As explained in the NOVA scienceNOW segment, FOXP2 too plays a office in the processes involved in human being oral communication and birdsong: people with an altered form of the gene accept difficulty with many aspects of speech, and birds whose FOXP2 activeness is disrupted accept trouble learning songs. Despite these and other observations, scientists however don't know which other genes FOXP2 regulates or what its function is in the numerous other species that share this gene with birds and humans. That FOXP2 is so widespread raises additional questions, not merely about its part in other organisms, but also how the gene differs from one organism to the adjacent.

All life on Earth arose from a single common ancestor, and our genes reflect this shared ancestry.
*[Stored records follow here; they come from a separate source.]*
(* Let $X$ be a dendric shift over $\mathcal{A}_3=\{1,2,3\}$ and let $Y$ be the image of $X$ under a morphism $\sigma\in\mathcal{S}_3$. Then $Y$ is dendric if and only if $\sigma\in\mathrm{DP}(X)$.
   Context: A shift space over $\mathcal{A}$ is a closed shift-invariant $X\subseteq\mathcal{A}^{\mathbb{Z}}$ in which all letters occur, with factor set $\mathcal{L}(X)$. For $w\in\mathcal{L}(X)$, $\mathcal{E}_X(w)$ is the bipartite graph with left vertices $\{a:aw\in\mathcal{L}(X)\}$, right vertices $\{b:wb\in\mathcal{L}(X)\}$, edges $\{a,b\}$ for $awb\in\mathcal{L}(X)$; $w$ is bispecial if it has at least two left and two right vertices, dendric if $\mathcal{E}_X(w)$ is a tree; $X$ is dendric if all its factors are dendric. $\mathcal{S}_3=\{\alpha,\beta,\gamma,\eta\}\cup\{\delta^{(k)},\zeta^{(k)}:k\ge1\}$ with $\alpha:1\mapsto1,2\mapsto12,3\mapsto13$; $\beta:1\mapsto1,2\mapsto12,3\mapsto132$; $\gamma:1\mapsto1,2\mapsto12,3\mapsto123$; $\delta^{(k)}:1\mapsto1,2\mapsto123^k,3\mapsto123^{k+1}$; $\zeta^{(k)}:1\mapsto13^k,2\mapsto12,3\mapsto13^{k+1}$; $\eta:1\mapsto13,2\mapsto12,3\mapsto123$. The image of $X$ under $\sigma$ is $Y=\{S^k\sigma(x):x\in X,0\le k<|\sigma(x_0)|\}$. For non-empty $u\in\mathcal{L}(Y)$ containing $1$ there is a unique triple $(s,v,p)$, $v\in\mathcal{L}(X)$, $u=s\sigma(v)p$, with $s$ a proper suffix of $\sigma(a)$ and $p$ a non-empty prefix of $\sigma(b)$ for some $a,b$ with $avb\in\mathcal{L}(X)$; $u$ is an extended image of $v$. $\mathrm{DP}(X)$ is the set of $\sigma\in\mathcal{S}_3$ such that for every $v\in\mathcal{L}(X)$, every bispecial extended image of $v$ under $\sigma$ is dendric in $Y$. *)

theory Defs
  imports "HOL-Analysis.Analysis" "HOL-Library.Sublist"
begin

text \<open>Letters are natural numbers; the alphabet A3 is {1,2,3}. Bi-infinite
sequences are functions int => nat, with the product (pointwise) topology
where nat carries its (discrete) standard topology.\<close>

definition A3 :: "nat set" where "A3 = {1, 2, 3}"

definition shift :: "(int \<Rightarrow> nat) \<Rightarrow> (int \<Rightarrow> nat)" where
  "shift x = (\<lambda>n. x (n + 1))"

definition shift_space :: "nat set \<Rightarrow> (int \<Rightarrow> nat) set \<Rightarrow> bool" where
  "shift_space A X \<longleftrightarrow>
     X \<subseteq> {x. \<forall>n. x n \<in> A} \<and> closed X \<and> shift ` X = X \<and>
     (\<forall>a\<in>A. \<exists>x\<in>X. \<exists>n. x n = a)"

text \<open>Factor set (language) of a set of bi-infinite sequences (includes the empty word).\<close>
definition lang :: "(int \<Rightarrow> nat) set \<Rightarrow> nat list set" where
  "lang X = {w. \<exists>x\<in>X. \<exists>i::int. w = map (\<lambda>j. x (i + int j)) [0..<length w]}"

definition left_ext :: "(int \<Rightarrow> nat) set \<Rightarrow> nat list \<Rightarrow> nat set" where
  "left_ext X w = {a. a # w \<in> lang X}"

definition right_ext :: "(int \<Rightarrow> nat) set \<Rightarrow> nat list \<Rightarrow> nat set" where
  "right_ext X w = {b. w @ [b] \<in> lang X}"
definition round_step ::
  "model \<Rightarrow> nat \<Rightarrow> (nat \<Rightarrow> nat) \<Rightarrow> algo \<Rightarrow>
   (nat \<Rightarrow> real) \<times> (nat \<Rightarrow> obs list) \<Rightarrow> (nat \<Rightarrow> real) \<times> (nat \<Rightarrow> obs list)" where
  "round_step m n ids A s =
     (let p = fst s; h = snd s;
          v = (\<lambda>i. vel (fst A (ids i) (h i)));
          ob = (\<lambda>i. (frac (atraj n p v i 1 - p i),
                     if m = Perceptive then first_coll n p v i else None))
      in (\<lambda>i. frac (atraj n p v i 1), \<lambda>i. h i @ [ob i]))"

definition run ::
  "model \<Rightarrow> nat \<Rightarrow> (nat \<Rightarrow> nat) \<Rightarrow> (nat \<Rightarrow> real) \<Rightarrow> algo \<Rightarrow> nat \<Rightarrow>
   (nat \<Rightarrow> real) \<times> (nat \<Rightarrow> obs list)" where
  "run m n ids p0 A r = (round_step m n ids A ^^ r) (p0, \<lambda>i. [])"

definition valid_instance :: "nat \<Rightarrow> nat \<Rightarrow> (nat \<Rightarrow> nat) \<Rightarrow> (nat \<Rightarrow> real) \<Rightarrow> bool" where
  "valid_instance N n ids p =
     (4 < n \<and> n \<le> N \<and> inj_on ids {..<n} \<and> (\<forall>i<n. 1 \<le> ids i \<and> ids i \<le> N) \<and>
      inj_on p {..<n} \<and> (\<forall>i<n. 0 \<le> p i \<and> p i < 1))"

definition elects :: "model \<Rightarrow> nat \<Rightarrow> (nat \<Rightarrow> nat) \<Rightarrow> (nat \<Rightarrow> real) \<Rightarrow> algo \<Rightarrow> nat \<Rightarrow> bool" where
  "elects m n ids p0 A T =
     (\<exists>!i. i < n \<and> snd A (ids i) (snd (run m n ids p0 A T) i))"

definition solves :: "model \<Rightarrow> nat \<Rightarrow> bool \<Rightarrow> algo \<Rightarrow> nat \<Rightarrow> bool" where
  "solves m N par A T =
     (valid_algo m A \<and>
      (\<forall>n ids p. valid_instance N n ids p \<and> even n = par \<longrightarrow> elects m n ids p A T))"

end

theory Submission
  imports Defs
begin

text \<open>Colliding agents exchange velocities, so the agents on the circle move like independent
  ghosts, while keeping their cyclic order.  If every agent moves with velocity in
  \<open>{-1, 0, 1}\<close> for one time unit, the ghost configuration is the initial one, shifted by the
  total velocity \<open>S\<close>: the agent of rank \<open>r\<close> ends at the start position of the agent of rank
  \<open>r + S mod n\<close>.  Hence every agent observes displacement \<open>0\<close> exactly when \<open>n\<close> divides \<open>S\<close>,
  and in the perceptive model it observes no collision exactly when all agents move the same
  way.  Each round thus hands all agents the same flag, which depends only on how many agents
  were selected to move.

  Leaders are elected by eliminating IDs bit by bit.  In the lazy model, the perceptive model and
  the basic model with \<open>n\<close> odd, the candidates whose current bit is set move, and the flag says
  whether they were none or all of the agents; otherwise the candidates with bit \<open>0\<close> drop out.
  In the basic model with \<open>n\<close> even the flag only says whether none, half or all of the agents
  went left, so every bit gets a phase of \<open>log N + 1\<close> rounds in which further bits of the same
  candidates rule out an exact half.\<close>


section \<open>Lifted trajectories\<close>

lemma gcount_eq_sum_floor:
  "gcount n p v t y = (\<Sum>j<n. \<lfloor>y - p j - v j * t\<rfloor> + 1)"
proof -
  define f where "f j = \<lfloor>y - p j - v j * t\<rfloor>" for j
  have nonneg: "{(j,k). j < n \<and> k \<ge> 0 \<and> ghost p v j k t \<le> y} = (SIGMA j:{..<n}. {0..f j})"
    by (auto simp: f_def ghost_def le_floor_iff algebra_simps)
  have neg: "{(j,k). j < n \<and> k < 0 \<and> ghost p v j k t > y} = (SIGMA j:{..<n}. {f j + 1..-1})"
    by (auto simp: f_def ghost_def floor_less_iff algebra_simps
        zle_add1_eq_le[symmetric] simp del: zle_add1_eq_le)
  have "gcount n p v t y = int (\<Sum>j<n. nat (f j + 1)) - int (\<Sum>j<n. nat (- f j - 1))"
    unfolding gcount_def nonneg neg
    by (subst (1 2) card_SigmaI) (auto intro!: arg_cong2[where f = "(-)"] sum.cong simp: algebra_simps)
  also have "\<dots> = (\<Sum>j<n. f j + 1)"
    by (simp only: of_nat_sum sum_subtractf[symmetric]) (intro sum.cong; simp)
  finally show ?thesis unfolding f_def .
qed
As species differentiated over evolutionary fourth dimension, the DNA sequences in their genes acquired slight changes. According to evolutionary theory, these changes accrue over fourth dimension: species that diverged from each other long agone accept more than differences in their Dna than species that diverged recently. Scientists utilise this caste of difference as a molecular clock to help them predict how long ago species carve up apart from i another. In general, scientists say the longer ago two species dissever, the more distantly related they are.

You may demand to remind your students about the nature of Deoxyribonucleic acid, genes, proteins, and amino acids and how they differ from one some other. Deoxyribonucleic acid is a molecule made up of iv types of units called bases. The 4 bases—adenine (A), cytosine (C), guanine (G) and thymine (T)—collectively make upwardly the DNA "alphabet." Genes are singled-out locations along the length of a DNA molecule. The sequence of bases in a gene determines the lodge of amino acids in a protein, and the lodge of amino acids acts as the blueprint for protein assembly.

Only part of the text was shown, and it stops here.